At the end of the day, you know you need it to pay the bills.
Growing up, my parents never talked about being happy or fulfilled at their job. They only worked to feed us, to have a roof over our head, to have a car to drive us around. When I got to high school, there started to be guest speakers who talked about being happy at a job.
Find a job that you love passionately and you’ll be happy.
So over time, my idea of a job became an identity because it was the source of my happiness—or should be. You go out in the world and introduce yourself by your job title. I’m “So and so. I do design.” You take pride and joy in the content you produce. You love the race to the top. You dream of getting to the top.
Time and time again, various jobs promised you that elusive fruit. “If you stay, you’ll get that director position.” “If you come to us, we’ll groom you to be a director.”
So, it was with disappointment and anger and resentment that the role was given to an outsider. Worst, you know that he got the job because he played the game, he is cocky and arrogant, he is friends with the head of the company.
You know the saying, the straw that broke the camel’s back.
I had my doubts about the company when I first started. There were so many writings on the wall but I couldn’t stand being at my previous job, which is a whole other story, that I just took anything.

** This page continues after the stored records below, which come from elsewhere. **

lemma differentiable_upto_0: "differentiable_upto U 0 F \<longleftrightarrow> (\<forall>p\<in>U. F differentiable (at p))"
  unfolding differentiable_upto_def by auto

lemma differentiable_upto_Suc:
  fixes F :: "'n::finite pt \<Rightarrow> complex"
  shows "differentiable_upto U (Suc n) F \<longleftrightarrow>
     (\<forall>p\<in>U. F differentiable (at p)) \<and> (\<forall>w. differentiable_upto U n (dd w F))"
proof -
  have "(\<forall>ws. length ws \<le> Suc n \<longrightarrow> P ws) \<longleftrightarrow>
      P [] \<and> (\<forall>w ws. length ws \<le> n \<longrightarrow> P (ws @ [w]))" for P :: "'n pt list \<Rightarrow> bool"
  proof (intro iffI allI impI)
    fix ws :: "'n pt list"
    assume "P [] \<and> (\<forall>w ws. length ws \<le> n \<longrightarrow> P (ws @ [w]))" "length ws \<le> Suc n"
    then show "P ws"
      by (cases ws rule: rev_cases) auto
  qed simp_all
  from this[of "\<lambda>ws. \<forall>p\<in>U. ddl ws F differentiable (at p)"] show ?thesis
    unfolding differentiable_upto_def ddl_snoc by auto
qed

lemma smooth_on_iff_differentiable_upto: "smooth_on U F \<longleftrightarrow> (\<forall>n. differentiable_upto U n F)"
  unfolding smooth_on_def differentiable_upto_def by blast

lemma smooth_on_differentiable: "smooth_on U F \<Longrightarrow> p \<in> U \<Longrightarrow> F differentiable (at p)"
  unfolding smooth_on_def by (drule spec[of _ "[]"]) simp

lemma smooth_on_dd: "smooth_on U F \<Longrightarrow> smooth_on U (dd w F)"
  unfolding smooth_on_def ddl_snoc[symmetric] by blast

lemma differentiable_upto_SucI:
  assumes "open U" "\<And>p. p \<in> U \<Longrightarrow> F differentiable (at p)"
    and "\<And>w. differentiable_upto U n (G w)" "\<And>w q. q \<in> U \<Longrightarrow> G w q = dd w F q"
  shows "differentiable_upto U (Suc n) F"
  unfolding differentiable_upto_Suc
  using assms differentiable_upto_transform_within_open[OF assms(1)] by blast

lemma differentiable_upto_SucD: "differentiable_upto U (Suc n) F \<Longrightarrow> differentiable_upto U n F"
  unfolding differentiable_upto_def by auto

lemma differentiable_upto_const: "differentiable_upto U n (\<lambda>q. c)"
  unfolding differentiable_upto_def
proof (intro allI impI ballI)
  fix ws :: "'n::finite pt list" and p
  have "ddl ws (\<lambda>q. c) = (\<lambda>q. if ws = [] then c else 0)"
    by (induction ws) (auto simp: dd_const)
  then show "ddl ws (\<lambda>q. c) differentiable (at p)"
    by simp
qed

lemma differentiable_upto_add:
  assumes "open U"
  shows "differentiable_upto U n F \<Longrightarrow> differentiable_upto U n G
    \<Longrightarrow> differentiable_upto U n (\<lambda>q. F q + G q)"
proof (induction n arbitrary: F G)
  case 0
  then show ?case
    unfolding differentiable_upto_0 by auto
next
  case (Suc n)
  then show ?case
    unfolding differentiable_upto_Suc[of U n F] differentiable_upto_Suc[of U n G]
    by (intro differentiable_upto_SucI[OF assms, where G = "\<lambda>w q. dd w F q + dd w G q"])
      (auto intro: Suc.IH simp: dd_add)
qed
theorem theorem5p1:
  fixes A :: "real^'m^'m" and B :: "real^'n^'m" and \<alpha> \<beta> :: real
    and lam :: complex and u :: "complex^'m" and v :: "complex^'n" and s :: real
    and H S :: "real^'m^'m" and a1 b1 c1 a2 b2 z1 z2 bound1 bound2 :: real
    and D lam_p lam_m :: complex
  assumes "CARD('n) \<le> CARD('m)"
    and "pos_def A" and "\<alpha> \<ge> 0" and "\<beta> > 0"
    and "stack u v \<noteq> 0"
    and "cmat (matrix_inv (P_MGSSP \<alpha> \<beta> A B) ** saddle_mat A B) *v stack u v = lam *s stack u v"
    and "cmat (transpose B) *v u \<noteq> 0"
  assumes "H = (1/2) *\<^sub>R (A + transpose A)"
    and "S = (1/2) *\<^sub>R (A - transpose A)"
    and "a1 = Re (cdot u (cmat A *v u) / cdot u u)"
    and "b1 = Im (cdot u (cmat A *v u) / cdot u u)"
    and "c1 = Re (cdot u (cmat (B ** transpose B) *v u) / cdot u u)"
    and "a2 = \<beta>^2 * (a1^2 - b1^2) - 4 * \<alpha> * \<beta> * c1"
    and "b2 = 2 * \<beta>^2 * a1 * b1"
    and "z1 = sqrt ((sqrt (a2^2 + b2^2) + a2) / 2)"
    and "s = 1 \<or> s = -1" and "b1 \<noteq> 0 \<Longrightarrow> s = sgn b1"
    and "z2 = s * sqrt ((sqrt (a2^2 + b2^2) - a2) / 2)"
    and "D = Complex (\<alpha> * \<beta> + 2 * \<beta> * a1 + 4 * c1) (2 * \<beta> * b1)"
    and "lam_p = 1/2 + Complex (z1 - \<alpha> * \<beta> - \<beta> * a1) (z2 - \<beta> * b1) / (2 * D)"
    and "lam_m = 1/2 - Complex (z1 + \<alpha> * \<beta> + \<beta> * a1) (z2 + \<beta> * b1) / (2 * D)"
    and "bound1 = ((\<alpha> * \<beta> + 2 * \<beta> * a1)^2
                    + (\<beta> * \<bar>b1\<bar> + sqrt (\<beta>^2 * b1^2 + 4 * \<alpha> * \<beta> * c1))^2)
                  / (4 * ((\<alpha> * \<beta> + 2 * \<beta> * a1 + 4 * c1)^2 + 4 * \<beta>^2 * b1^2))"
    and "bound2 = ((\<alpha> * \<beta> + 2 * \<beta> * spec_radius H)^2
                    + (\<beta> * spec_radius S + sqrt (\<beta>^2 * (spec_radius S)^2
                         + 4 * \<alpha> * \<beta> * spec_radius (B ** transpose B)))^2)
                  / (4 * (\<alpha> * \<beta> + 2 * \<beta> * lambda_min H + 4 * lambda_min (B ** transpose B))^2)"
  shows "(lam = lam_p \<or> lam = lam_m)
         \<and> (\<forall>\<mu>\<in>{lam_p, lam_m}. (cmod (\<mu> - 1/2))^2 \<le> bound1 \<and> bound1 \<le> bound2)"
proof -
  have "u \<noteq> 0" using assms(7) by auto
  note rq = MGSSP_rayleigh_quotient_bounds[OF assms(2) \<open>u \<noteq> 0\<close> assms(8,9)]
  have a1: "a1 > 0" and c1: "c1 > 0"
    using rq(1,2) Re_rayleigh_quotient_gram_pos[OF assms(7)] assms(10,12) by simp_all
  have "rayleigh_quotient A u = Complex a1 b1" using assms(10,11) by (simp add: complex_eq_iff)
  moreover have "rayleigh_quotient (B ** transpose B) u = of_real c1"
    using rayleigh_quotient_symmetric[of "B ** transpose B" u] assms(12) by (simp add: matrix_transpose_mul)
  ultimately have quad: "(1 - 2 * lam) * lam * of_real \<beta> * Complex a1 b1 - lam^2 * of_real \<alpha> * of_real \<beta>
                           - (1 - 2 * lam)^2 * of_real c1 = 0"
    using MGSSP_eigenvalue_quadratic[OF P_MGSSP_invertible[OF assms(2-4)] assms(6) \<open>u \<noteq> 0\<close>] by simp
  have "Re D > 0" using assms(3,4,19) a1 c1 by (simp add: add_nonneg_pos)
  hence "D \<noteq> 0" by auto
  have "s * \<bar>b2\<bar> = b2"
    using assms(4,14,16,17) a1 by (cases "b1 = 0") (auto simp: abs_mult sgn_if)
  hence "(Complex z1 z2)^2 = Complex a2 b2"
    using Complex_sqrt_formula_square[OF assms(16)] assms(15,18) by simp
  hence "lam = lam_p \<or> lam = lam_m"
    using MGSSP_quadratic_roots[OF quad assms(19) \<open>D \<noteq> 0\<close>] assms(13,14,20,21) by simp
  moreover have "\<forall>\<mu>\<in>{lam_p, lam_m}. (cmod (\<mu> - 1/2))^2 \<le> bound1"
    using MGSSP_root_distance_bounds[OF assms(4,3) a1 c1
        MGSSP_root_part_bounds[OF assms(4,3) a1 less_imp_le[OF c1] assms(13,14,15,18,16)] assms(19)]
      assms(20-22) by (auto simp: norm_minus_commute)
  moreover have "bound1 \<le> bound2"
    unfolding assms(22,23)
    by (rule MGSSP_bound_le_spectral_bound[OF assms(4,3)]) (use rq assms(10-12) in simp_all)
  ultimately show ?thesis by blast
qed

I’ve never worked at a company where a someone is half strip-teasing for a coworker’s birthday. The words “show me yours and I’ll show you mine” is used at a team meeting. Additional phrases include, “ride her like Seabiscuit” and “get deep down into her throat”, “you’re an old hag” (despite the fact, the person being addressed this is only 27 years old), and “you can’t have lunch with [insert person’s name]” (isn’t lunch break supposed to be a break from work and whoever you have lunch with is no one’s business?).
I assure you, I am not working in the porn industry.

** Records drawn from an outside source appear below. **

definition W_k :: "'a set \<Rightarrow> 'a list set \<Rightarrow> nat \<Rightarrow> 'a list set" where
  "W_k A F k = {w. set w \<subseteq> A \<and> length w = k \<and> in_lang F w}"

definition words :: "'a set \<Rightarrow> nat \<Rightarrow> 'a list set" where
  "words A n = {w. set w \<subseteq> A \<and> length w = n}"

definition db_arcs :: "'a set \<Rightarrow> 'a list set \<Rightarrow> nat \<Rightarrow> ('a list \<times> 'a list) set" where
  "db_arcs A F n = {(a # s, s @ [b]) | a s b. a \<in> A \<and> b \<in> A \<and> set s \<subseteq> A \<and>
       length s = n - 1 \<and> a # s @ [b] \<in> W_k A F (Suc n)}"

definition is_scc :: "'v set \<Rightarrow> ('v \<times> 'v) set \<Rightarrow> 'v set \<Rightarrow> bool" where
  "is_scc V E C \<longleftrightarrow> C \<noteq> {} \<and> C \<subseteq> V \<and> (\<forall>x\<in>C. \<forall>y\<in>C. (x, y) \<in> E\<^sup>*) \<and>
     (\<forall>D. C \<subseteq> D \<and> D \<subseteq> V \<and> (\<forall>x\<in>D. \<forall>y\<in>D. (x, y) \<in> E\<^sup>*) \<longrightarrow> D = C)"

text \<open>C is a vertex set of a de Bruijn graph G_n of span n: an SCC of maximum size.\<close>
definition is_dB_vertices :: "'a set \<Rightarrow> 'a list set \<Rightarrow> nat \<Rightarrow> 'a list set \<Rightarrow> bool" where
  "is_dB_vertices A F n C \<longleftrightarrow> is_scc (words A n) (db_arcs A F n) C \<and>
     (\<forall>D. is_scc (words A n) (db_arcs A F n) D \<longrightarrow> card D \<le> card C)"

definition dB_arcs :: "'a set \<Rightarrow> 'a list set \<Rightarrow> nat \<Rightarrow> 'a list set \<Rightarrow> ('a list \<times> 'a list) set" where
  "dB_arcs A F n C = {(x, y). x \<in> C \<and> y \<in> C \<and> (x, y) \<in> db_arcs A F n}"

definition walk_arcs :: "'v list \<Rightarrow> ('v \<times> 'v) list" where
  "walk_arcs vs = zip vs (tl vs)"

definition exhausts :: "('v \<times> 'v) set \<Rightarrow> ('v \<times> 'v) set \<Rightarrow> 'v \<Rightarrow> bool" where
  "exhausts Ar U x \<longleftrightarrow> (\<forall>a\<in>Ar. (fst a = x \<or> snd a = x) \<longrightarrow> a \<in> U)"

text \<open>The walk vs in the graph with arc set Ar, starting at r, avoids H (arc set Hs, with
  e x the chosen arc out of x for x \<noteq> r), built until the construction stops.\<close>
definition avoids_walk ::
  "('v \<times> 'v) set \<Rightarrow> ('v \<times> 'v) set \<Rightarrow> ('v \<Rightarrow> 'v \<times> 'v) \<Rightarrow> 'v \<Rightarrow> 'v list \<Rightarrow> bool" where
  "avoids_walk Ar Hs e r vs \<longleftrightarrow> vs \<noteq> [] \<and> hd vs = r \<and>
    (\<forall>i < length vs - 1.
       (let x = vs ! i; ei = (vs ! i, vs ! Suc i); used = set (take i (walk_arcs vs)) in
        ei \<in> Ar \<and> ei \<notin> used \<and>
        (if (\<exists>a\<in>Ar. fst a = x \<and> a \<notin> Hs \<and> a \<notin> used) then ei \<notin> Hs
         else (x \<noteq> r \<and> ei = e x)))) \<and>
    (let x = last vs; used = set (walk_arcs vs) in
       \<not> (\<exists>a\<in>Ar. fst a = x \<and> a \<notin> Hs \<and> a \<notin> used) \<and> (x = r \<or> e x \<in> used))"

Where is human resource in all this?
Well, there’s a sort of HR that deals with insurance and stuff. But it’s a small enough company that you can discuss problems with your executive. The problem is, it doesn’t become an anonymous topic and you learn to hold stuff back.
You don’t play the game of stroking egos and praising children. You don’t play the game by going out and getting wasted or being glamorous or be part of the “in” crowd. You just play it safe. You follow the rules. You do your work. You work off of best practices. You don’t break the rules when there are no rules. You have to set up the rules. And you become the Miss-Know-It-All-Follow-The-Rules-Boring-Kind-of-Girl.
You become that lukewarm girlfriend that a man dates out of habit. There’s no spontaneity. There’s no surprise. There’s no delight. So when a better girlfriend comes along—hotter, more glamorous, talk the talk, walk the walk—you are quickly replaced, shelved and set aside. Out of habit and respect, they ask for your inputs, playing tip toes around you.
The promise of happiness with doing a career you’re passionate about never talks about the ugly side, the executives and head of the company playing games. Company politics, company mission, and company vision clash with your own and even though you love what you do, you don’t love where you do it.
And that’s when you know it’s time to leave. And probably change profession.